• Task directions
Two lines in the data below mark the range: the one with "text \<open>Binary words" and the one with "length (filter id". Return both, along with every line between them, exactly.

Extracted records
(* Let $n=2^m$ for a positive integer $m$. A set $C\subseteq X^n$ is an $(n,5,n-1;2^{n-1}/n)_3$ code (i.e., $|C|=2^{n-1}/n$ and any two distinct words of $C$ are at Hamming distance at least $5$) if and only if the following two conditions hold: (1) both $e(C)$ and $o(C)$ are binary codes of length $n$, size $2^{n-1}/n$ and minimum distance at least $4$; (2) whenever $\mathbf{x}_1,\mathbf{x}_2\in e(C)$ and $\mathbf{y}_1,\mathbf{y}_2\in o(C)$ satisfy $d(\mathbf{x}_1,\mathbf{y}_1)=d(\mathbf{x}_2,\mathbf{y}_2)=1$ and $d(\mathbf{x}_1,\mathbf{x}_2)=4$, we have $\mathbf{x}_1-\mathbf{x}_2\neq \mathbf{y}_1-\mathbf{y}_2$ (difference taken coordinatewise modulo $2$).
   Context: $F^n$ is the set of binary words of length $n$; $X^n$ is the set of words of length $n$ over $\{*,0,1\}$ with exactly one $*$ (equivalently, ternary words of length $n$ and weight $n-1$). $d(\cdot,\cdot)$ denotes Hamming distance (number of differing coordinates) on $X^n\cup F^n$. A word $\mathbf{x}\in X^n$ is identified with the pair of binary words obtained by replacing $*$ by $0$ and by $1$; the one of even weight is $e(\mathbf{x})$, the one of odd weight is $o(\mathbf{x})$. For $C\subseteq X^n$, $e(C)=\{e(\mathbf{c}):\mathbf{c}\in C\}$, $o(C)=\{o(\mathbf{c}):\mathbf{c}\in C\}$. *)

theory Defs
  imports Main
begin

text \<open>Binary words are bool lists (True = 1). Words of X^n are bool option lists,
  None playing the role of the symbol *.\<close>

definition hdist :: "'a list \<Rightarrow> 'a list \<Rightarrow> nat" where
  "hdist xs ys = card {i. i < length xs \<and> xs ! i \<noteq> ys ! i}"

definition Fn :: "nat \<Rightarrow> bool list set" where
  "Fn n = {x. length x = n}"

definition Xn :: "nat \<Rightarrow> bool option list set" where
  "Xn n = {x. length x = n \<and> card {i. i < n \<and> x ! i = None} = 1}"

definition weight :: "bool list \<Rightarrow> nat" where
  "weight x = length (filter id x)"

definition fill :: "bool option list \<Rightarrow> bool \<Rightarrow> bool list" where
  "fill x b = map (\<lambda>c. case c of None \<Rightarrow> b | Some v \<Rightarrow> v) x"

definition e_word :: "bool option list \<Rightarrow> bool list" where
  "e_word x = (if even (weight (fill x False)) then fill x False else fill x True)"

definition o_word :: "bool option list \<Rightarrow> bool list" where
  "o_word x = (if odd (weight (fill x False)) then fill x False else fill x True)"

definition bdiff :: "bool list \<Rightarrow> bool list \<Rightarrow> bool list" where
  "bdiff x y = map (\<lambda>(a, b). a \<noteq> b) (zip x y)"

definition ternary_code :: "nat \<Rightarrow> nat \<Rightarrow> nat \<Rightarrow> bool option list set \<Rightarrow> bool" where
  "ternary_code n dmin N C \<longleftrightarrow> C \<subseteq> Xn n \<and> card C = N \<and>
     (\<forall>c1\<in>C. \<forall>c2\<in>C. c1 \<noteq> c2 \<longrightarrow> hdist c1 c2 \<ge> dmin)"

definition binary_code :: "nat \<Rightarrow> nat \<Rightarrow> nat \<Rightarrow> bool list set \<Rightarrow> bool" where
  "binary_code n dmin N B \<longleftrightarrow> B \<subseteq> Fn n \<and> card B = N \<and>
     (\<forall>x1\<in>B. \<forall>x2\<in>B. x1 \<noteq> x2 \<longrightarrow> hdist x1 x2 \<ge> dmin)"

end

theory Submission
  imports Defs
begin

text \<open>Let \<open>a, b \<in> X\<^sup>n\<close> have their stars at positions \<open>p, q\<close>, and let \<open>D\<close> be their distance
  outside \<open>{p, q}\<close>. Then \<open>d(a, b) = D\<close> if \<open>p = q\<close> and \<open>D + 2\<close> otherwise, while any two fillings
  are at distance between \<open>D\<close> and \<open>D + 2\<close>. Distances between even (or between odd) words are even.
  If \<open>p = q\<close>, the differences \<open>e(a) - e(b)\<close> and \<open>o(a) - o(b)\<close> coincide, so condition (2) forbids
  \<open>d(e(a), e(b)) = 4\<close> and parity pushes \<open>D\<close> up to 5. If \<open>p \<noteq> q\<close>, the two differences disagree
  at \<open>p\<close>, and \<open>d(e(a), e(b)) + d(o(a), o(b)) = 2D + 2 \<ge> 8\<close> gives \<open>D \<ge> 3\<close>. Conversely distance 5
  forces \<open>D \<ge> 3\<close>, so fillings of distinct codewords are at distance at least 3; in particular
  \<open>e\<close> and \<open>o\<close> are injective on \<open>C\<close> and a pair at distance 1 as in (2) comes from one codeword.\<close>

lemma hdist_conv_sum:
  "length xs = n \<Longrightarrow> hdist xs ys = (\<Sum>i<n. if xs ! i \<noteq> ys ! i then 1 else 0)"
  unfolding hdist_def by (simp add: sum.If_cases Int_def conj_commute)

lemma weight_conv_sum: "length xs = n \<Longrightarrow> weight xs = (\<Sum>i<n. if xs ! i then 1 else 0)"
  unfolding weight_def length_filter_conv_card by (simp add: sum.If_cases Int_def conj_commute)

lemma hdist_self [simp]: "hdist xs xs = 0"
  by (simp add: hdist_def)

lemma hdist_eq_0_iff: "length xs = length ys \<Longrightarrow> hdist xs ys = 0 \<longleftrightarrow> xs = ys"
  by (auto simp: hdist_def list_eq_iff_nth_eq)

lemma even_hdist_add_weight:
  assumes "length xs = n" "length ys = n"
  shows "even (hdist xs ys + weight xs + weight ys)"
proof -
  have "hdist xs ys + weight xs + weight ys =
      (\<Sum>i<n. (if xs ! i \<noteq> ys ! i then 1 else 0) + (if xs ! i then 1 else 0) + (if ys ! i then 1 else 0))"
    using assms by (simp add: hdist_conv_sum weight_conv_sum sum.distrib)
  also have "even \<dots>"
    by (intro dvd_sum) auto
  finally show ?thesis .
qed

lemma odd_le_even_imp_less: "odd j \<Longrightarrow> even k \<Longrightarrow> j \<le> k \<Longrightarrow> j < (k::nat)"
  by (cases "j = k") auto

lemma sum_remove_two:
  fixes f :: "'a \<Rightarrow> 'b::comm_monoid_add"
  assumes "finite A" "p \<in> A" "q \<in> A"
  shows "sum f A = sum f (A - {p, q}) + f p + (if p = q then 0 else f q)"
proof (cases "p = q")
  case True
  then show ?thesis
    using assms by (simp add: sum.remove add.commute)
next
  case False
  have "sum f A = f p + sum f (A - {p})"
    using assms by (simp add: sum.remove)
  also have "sum f (A - {p}) = f q + sum f (A - {p} - {q})"
    using assms False by (intro sum.remove) auto
  finally show ?thesis
    using False by (simp add: Diff_insert2[symmetric] insert_commute add_ac)
qed

lemma length_fill [simp]: "length (fill c b) = length c"
  by (simp add: fill_def)

lemma nth_fill: "i < length c \<Longrightarrow> fill c b ! i = (case c ! i of None \<Rightarrow> b | Some v \<Rightarrow> v)"
  by (simp add: fill_def)

lemma nth_bdiff: "i < length x \<Longrightarrow> i < length y \<Longrightarrow> bdiff x y ! i = (x ! i \<noteq> y ! i)"
  by (simp add: bdiff_def)

lemma length_Xn: "c \<in> Xn n \<Longrightarrow> length c = n"
  by (simp add: Xn_def)

lemma XnE:
  assumes "c \<in> Xn n"
  obtains p where "p < n" "c ! p = None" "\<And>i. i < n \<Longrightarrow> i \<noteq> p \<Longrightarrow> c ! i \<noteq> None"
proof -
  from assms have "card {i. i < n \<and> c ! i = None} = 1"
    by (simp add: Xn_def)
  then obtain p where star: "{i. i < n \<and> c ! i = None} = {p}"
    by (rule card_1_singletonE)
  show ?thesis
    by (rule that[of p]) (use star in \<open>auto simp: set_eq_iff\<close>)
qed

locale star_pair =
  fixes n :: nat and a b :: "bool option list" and p q :: nat
  assumes length_a: "length a = n" and length_b: "length b = n"
    and p_less: "p < n" and q_less: "q < n"
    and star_a: "a ! p = None" and star_b: "b ! q = None"
    and letter_a: "\<And>i. i < n \<Longrightarrow> i \<noteq> p \<Longrightarrow> a ! i \<noteq> None"
    and letter_b: "\<And>i. i < n \<Longrightarrow> i \<noteq> q \<Longrightarrow> b ! i \<noteq> None"
begin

• Solved exercise
text \<open>Binary words are bool lists (True = 1). Words of X^n are bool option lists,
  None playing the role of the symbol *.\<close>

definition hdist :: "'a list \<Rightarrow> 'a list \<Rightarrow> nat" where
  "hdist xs ys = card {i. i < length xs \<and> xs ! i \<noteq> ys ! i}"

definition Fn :: "nat \<Rightarrow> bool list set" where
  "Fn n = {x. length x = n}"

definition Xn :: "nat \<Rightarrow> bool option list set" where
  "Xn n = {x. length x = n \<and> card {i. i < n \<and> x ! i = None} = 1}"

definition weight :: "bool list \<Rightarrow> nat" where
  "weight x = length (filter id x)"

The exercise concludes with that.